Signe Christine Antoinette Manna Reimer (1858–1943) was a Danish journalist and writer who is remembered in particular for her interest in folklore. Her five-volume Nordfynsk Bondeliv i Mands Minde (1910–1919) describes the way of life, customs and language of ordinary people in the rural communities of north Funen. The work is considered to be one of the most important historical records of Danish folklore and related traditions. She bequeathed her own collection of artefacts to Nordfyns Museum in Bogense.

==Early life and education==
Born on 15 April 1858 in Hårslev Parish near Bogense on the island of Funen, Signe Christine Antoinette Manna Reimer was the daughter of Hans Bertel Reimer (1800–1872), a school master, and his wife Kirsten Poulsdatter (1827–1920). She had two half brothers from her father's first marriage. Brought up in a well-to-do family, after attending her father's school in Hårslev, when she was nine she moved to her half-brother Alexander's home in Viborg where she spent five years at Wissing's Girls School. She was also trained in office work and bookkeeping by her brother, a local official. When her father died in 1872, she moved back to Hårslev to live with her mother. From 1880, she spent three years at the home of her second half brother, Anton, who was a pastor, tutoring his three children.

==Professional life==

Reimer taught in Herning until 1886 when she devoted her summers to looking after guest houses, opening her own establishment in Hellebæk in the 1890s. She was able to spend her winters developing her interest in local traditions and folklore.

In 1897, she settled with her mother in Odense and began to seriously devote herself to writing, taking a special interest in folklore and local language and traditions. She improved her knowledge of the field by visiting libraries and archives and meet with older people to discuss their past. Writing some 150 articles a year, she presented her ideas on good housekeeping, publishing Hjemmets Bog (Book of the Home) in 1908 which also included old sayings and poems and described some of the local housekeeping traditions she had experienced.

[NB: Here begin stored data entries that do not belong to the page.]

definition frobenius_form ::
  "('k::field \<Rightarrow> 'a::ab_group_add \<Rightarrow> 'a) \<Rightarrow> ('a \<Rightarrow> 'a \<Rightarrow> 'a) \<Rightarrow> ('a \<Rightarrow> 'a \<Rightarrow> 'k) \<Rightarrow> bool" where
  "frobenius_form scale mult B \<longleftrightarrow>
     (\<forall>x y z. B (x + y) z = B x z + B y z) \<and>
     (\<forall>x y z. B x (y + z) = B x y + B x z) \<and>
     (\<forall>c x y. B (scale c x) y = c * B x y) \<and>
     (\<forall>c x y. B x (scale c y) = c * B x y) \<and>
     (\<forall>u v w. B (mult u v) w = B u (mult v w)) \<and>
     (\<forall>x. prim_axis_half scale mult x \<longrightarrow> B x x = 1)"

definition is_identity_of :: "('a \<Rightarrow> 'a \<Rightarrow> 'a) \<Rightarrow> 'a set \<Rightarrow> 'a \<Rightarrow> bool" where
  "is_identity_of mult J e \<longleftrightarrow> e \<in> J \<and> (\<forall>u\<in>J. mult e u = u)"

definition solid ::
  "('k::field \<Rightarrow> 'a::ab_group_add \<Rightarrow> 'a) \<Rightarrow> ('a \<Rightarrow> 'a \<Rightarrow> 'a) \<Rightarrow> 'a \<Rightarrow> 'a \<Rightarrow> bool" where
  "solid scale mult a b \<longleftrightarrow>
     (\<forall>c \<in> gen_subalg scale mult {a, b}.
        mult c c = c \<and> c \<noteq> 0 \<and> \<not> is_identity_of mult (gen_subalg scale mult {a, b}) c
        \<longrightarrow> prim_axis_half scale mult c)"

end

theory Submission
  imports Defs "HOL-Computational_Algebra.Polynomial"
begin

text \<open>For an axis \<open>x\<close> the projections onto \<open>A\<^sub>1(x)\<close>, \<open>A\<^sub>0(x)\<close>, \<open>A\<^sub>1\<^sub>/\<^sub>2(x)\<close> are polynomials
  in the multiplication by \<open>x\<close>, so for fixed arguments every defining property of a primitive
  axis other than \<open>x \<noteq> 0\<close> and \<open>x\<^sup>2 = x\<close> is a polynomial identity in \<open>x\<close>.

  Put \<open>n = ab\<close>. Orthogonality gives \<open>an = bn = n/2\<close> and \<open>n\<^sup>2 = 0\<close>, so \<open>J\<close> is spanned by
  \<open>a, b, n\<close>, and comparing the coefficients of \<open>a\<close> and \<open>b\<close> (read off by the Frobenius form) shows
  that the non-zero idempotents of \<open>J\<close> are \<open>a + tn\<close>, \<open>b + tn\<close> and the identity
  \<open>a + b - 2n\<close>. The Miyamoto involutions send \<open>a + tn\<close> to \<open>a - (t + 4)n\<close> under \<open>\<tau>\<^sub>b\<close> and
  this back to \<open>a + (t + 4)n\<close> under \<open>\<tau>\<^sub>a\<close>, so \<open>a + tn\<close> is an axis for all \<open>t \<in> 4\<nat>\<close>. In
  characteristic zero this set is infinite, so the polynomial identities hold on the whole
  line, whose points are all non-zero idempotents.\<close>

locale frobenius_comm_algebra =
  fixes scale :: "'k::field_char_0 \<Rightarrow> 'a::ab_group_add \<Rightarrow> 'a"
    and mult :: "'a \<Rightarrow> 'a \<Rightarrow> 'a"
    and B :: "'a \<Rightarrow> 'a \<Rightarrow> 'k"
  assumes comm_algebra: "comm_algebra scale mult"
    and frobenius_form: "frobenius_form scale mult B"
begin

In 1910, Reimer published the first volume of her celebrated work Nordfynsk Bondeliv i Mands Minde. As a result of her own poor health and the pressures of the First World War, the fifth volume did not appear until 1919. She had set out to show that folk traditions should not only be a topic for academics from Copenhagen but could be addressed by interested authors in the provinces. She succeeded in her enterprise, receiving wide acclaim from recognized authorities. After her mother's death in 1920, Reimer could not find the strength to write more books but until the end of her life she continued to contribute articles to journals.

Christine Reimer died in Odense on 13 December 1943. She left her folkloric artefacts to the Nordfyn Museum in Bodense and bequeathed her collection of some 5,000 sayings, proverbs and examples of local dialect to the Udvalg for Folkemaal og Dansk Folkemindesamling, the Danish folklore archives.